2. Lok Sabha on Thursday approved the changes in the law to strengthen country’s anti-money laundering framework and bring it on par with international standards.

Dec 7, 2012
1. Amendments to an asset foreclosure law pending in Parliament could allow banks to defer the sale or disposal of assets seized from defaulting borrowers, allowing them to acquire the assets at the reserve price if there are no buyers.

2. The government will move a crucial bill on Monday to amend the

banking law while the finance ministry will engage with foreign institutional investors to hear out their concerns.Both the Banking Regulation Amendment Bill and Sarfesi Amendment Bill are likely to be brought for consideration and passage on Monday.

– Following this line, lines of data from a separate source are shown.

lemma sinv_ex1: "s \<in> S \<Longrightarrow> \<exists>!t. t \<in> S \<and> s \<cdot> t \<cdot> s = s \<and> t \<cdot> s \<cdot> t = t"
  using inverse_semigroup unfolding inverse_semigroup0_def by blast

lemma
  assumes "s \<in> S"
  shows sinv_closed [simp]: "sinv s \<in> S"
    and mult_sinv_mult [simp]: "s \<cdot> (sinv s \<cdot> s) = s"
    and sinv_mult_sinv [simp]: "sinv s \<cdot> (s \<cdot> sinv s) = sinv s"
proof -
  have "sinv s \<in> S \<and> s \<cdot> sinv s \<cdot> s = s \<and> sinv s \<cdot> s \<cdot> sinv s = sinv s"
    unfolding sinv_def using sinv_ex1[OF assms] by (rule theI')
  then show "sinv s \<in> S" "s \<cdot> (sinv s \<cdot> s) = s" "sinv s \<cdot> (s \<cdot> sinv s) = sinv s"
    using assms by auto
qed

lemma sinv_unique:
  assumes "s \<in> S" "t \<in> S" "s \<cdot> (t \<cdot> s) = s" "t \<cdot> (s \<cdot> t) = t"
  shows "t = sinv s"
  using sinv_ex1[of s] assms by (metis mult_assoc mult_sinv_mult sinv_closed sinv_mult_sinv)

lemma idemsD: "e \<in> E \<Longrightarrow> e \<in> S" "e \<in> E \<Longrightarrow> e \<cdot> e = e"
  unfolding idems_def by auto

lemma idemsI: "e \<in> S \<Longrightarrow> e \<cdot> e = e \<Longrightarrow> e \<in> E"
  unfolding idems_def by auto

lemma idem_mult_absorb [simp]: "e \<in> E \<Longrightarrow> u \<in> S \<Longrightarrow> e \<cdot> (e \<cdot> u) = e \<cdot> u"
  by (metis idemsD mult_assoc)

lemma sinv_idem: "e \<in> E \<Longrightarrow> sinv e = e"
  by (metis idemsD sinv_unique)

(* f x e is a second inverse of e f, so it equals x = sinv (e f); hence x is idempotent
   and e f = sinv x = x. *)
lemma idems_mult_closed:
  assumes e: "e \<in> E" and f: "f \<in> E"
  shows "e \<cdot> f \<in> E"
proof -
  have eS: "e \<in> S" and fS: "f \<in> S" using e f by (auto dest: idemsD)
  define x where "x = sinv (e \<cdot> f)"
  have xS: "x \<in> S" using eS fS by (simp add: x_def)
  have efxef: "e \<cdot> (f \<cdot> (x \<cdot> (e \<cdot> f))) = e \<cdot> f"
    using mult_sinv_mult[of "e \<cdot> f"] eS fS by (simp add: x_def del: mult_sinv_mult)
  have xefx: "x \<cdot> (e \<cdot> (f \<cdot> x)) = x"
    using sinv_mult_sinv[of "e \<cdot> f"] eS fS by (simp add: x_def del: sinv_mult_sinv)
  then have xefxe: "x \<cdot> (e \<cdot> (f \<cdot> (x \<cdot> e))) = x \<cdot> e"
    by (metis eS fS xS mult_assoc mult_closed)
  have "f \<cdot> (x \<cdot> e) = sinv (e \<cdot> f)"
    by (rule sinv_unique) (use e f eS fS xS efxef xefxe in simp_all)
  then have "x \<cdot> x = x"
    by (metis eS fS mult_assoc mult_closed xS xefxe x_def)
  have "e \<cdot> f = sinv x"
    by (rule sinv_unique) (use eS fS xS efxef xefx in simp_all)
  also have "\<dots> = x"
    using xS \<open>x \<cdot> x = x\<close> by (simp add: sinv_idem idemsI)
  finally show ?thesis
    using xS \<open>x \<cdot> x = x\<close> by (simp add: idemsI)
qed

lemma idems_commute:
  assumes e: "e \<in> E" and f: "f \<in> E"
  shows "e \<cdot> f = f \<cdot> e"
proof -
  have eS: "e \<in> S" and fS: "f \<in> S" using e f by (auto dest: idemsD)
  have ef: "e \<cdot> f \<in> E" and fe: "f \<cdot> e \<in> E"
    using e f by (auto intro: idems_mult_closed)
  have "e \<cdot> (f \<cdot> (e \<cdot> f)) = e \<cdot> f" "f \<cdot> (e \<cdot> (f \<cdot> e)) = f \<cdot> e"
    using idemsD(2)[OF ef] idemsD(2)[OF fe] eS fS by simp_all
  then have "f \<cdot> e = sinv (e \<cdot> f)"
    by (intro sinv_unique) (use e f eS fS in simp_all)
  then show ?thesis
    using ef sinv_idem by simp
qed

lemma mult_sinv_idem: "s \<in> S \<Longrightarrow> s \<cdot> sinv s \<in> E"
  by (rule idemsI) simp_all

lemma sinv_mult_idem: "s \<in> S \<Longrightarrow> sinv s \<cdot> s \<in> E"
  by (rule idemsI) simp_all

lemma
  assumes s: "s \<in> S" and f: "f \<in> E"
  shows conj_idem: "sinv s \<cdot> (f \<cdot> s) \<in> E"
    and mult_conj_idem: "s \<cdot> (sinv s \<cdot> (f \<cdot> s)) = f \<cdot> s"
proof -
  have fS: "f \<in> S" using f by (rule idemsD)
  have "s \<cdot> (sinv s \<cdot> (f \<cdot> s)) = f \<cdot> (s \<cdot> sinv s) \<cdot> s"
    using idems_commute[OF mult_sinv_idem[OF s] f] s fS by (simp flip: mult_assoc)
  then show conj: "s \<cdot> (sinv s \<cdot> (f \<cdot> s)) = f \<cdot> s"
    using s fS by simp
  show "sinv s \<cdot> (f \<cdot> s) \<in> E"
    by (rule idemsI) (use s f fS conj in simp_all)
qed

end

3. The government plans to revolutionise the retail sector to make India a global shopping hub, with new labour laws to support 24-hour business, limiting reckless multiplication of malls to prevent urban chaos, and strong measures to ensure small shopkeepers also thrive in the
transformation.

Dec 10, 2012
According to the National Pharmaceutical Pricing Policy, 2012 (NPPP-
2012), a new Drugs Price Control Order (DPCO) would be notified as soon as possible after the notification of the new policy. It will, however, be replaced, but over a period of time.

Dec 15, 2012
The Enforcement Directorate (ED) has served notices to Walmart Stores
Inc. as well as Bharti Group as part of the agency’s probe into US retailer’s $100-million investment into the holding company of Bharti
Retail. 

Dec 18, 2012
1. The Prevention of Money Laundering (Amendment) Bill 2011 has been passed by the Rajya Sabha. The Parliament has passed this Bill making the laws against money laundering more tough.
2. The Ministry of Water resources has drafted a National Water Policy 2012.
3. The Indecent Representation of Women (Prohibition) Amendment Bill 2012 has been introduced in the Rajya Sabha.

Dec 19, 2012
1. The Banking ( Amendment ) Bill 2011 which permits more foreign investment in the banking sector has been passed in the Lok Sabha . 2. The Companies Bill has been passed in the Lok Sabha . The Bill
contains the important provision for corporate social responsibility.

Dec 21, 2012
The Finance Ministry of India will soon announce new disclosures on source of funds and beneficial ownership that foreign investors will have to furnish to the foreign investment promotion board (FIPB). It will be made mandatory for foreign investors to declare their source of funds while investing in sensitive sectors.

Dec 22, 2012
Increasing the heat on Chinese drug firms exporting medicines to India, the Drug Controller General of India (DCGI) is all set to open its first foreign drug inspection office in Beijing by March 1. Around four Indian drug inspectors will be posted in China to inspect manufacturing sites and check whether good manufacturing practices (GMP) are being complied with.

Dec 25, 2012
The environment ministry has decided to ease its clearance requirements for existing coal mines planning to increase production. Existing coal mines with plans to increase production by as much as a quarter of its current permissible production levels will be exempt from holding public hearings as part of the environment clearance process.

Dec 28, 2012
The Central Board of Direct Taxes, the apex direct taxes body, has said
in a detailed clarification that withholding tax on QFI income will be computed on settlement basis and not on transaction basis as stockbroker would credit the net proceeds of all transactions to QFIs on settlement basis for one settlement period.

Dec 31, 2012
The government has decided to apply the foreign trade policy’s definition of ‘group company’ for sourcing norms in the retail sectorthat prevent foreign cash-and carry firms from selling more than a
fourth of their goods to affiliated entities.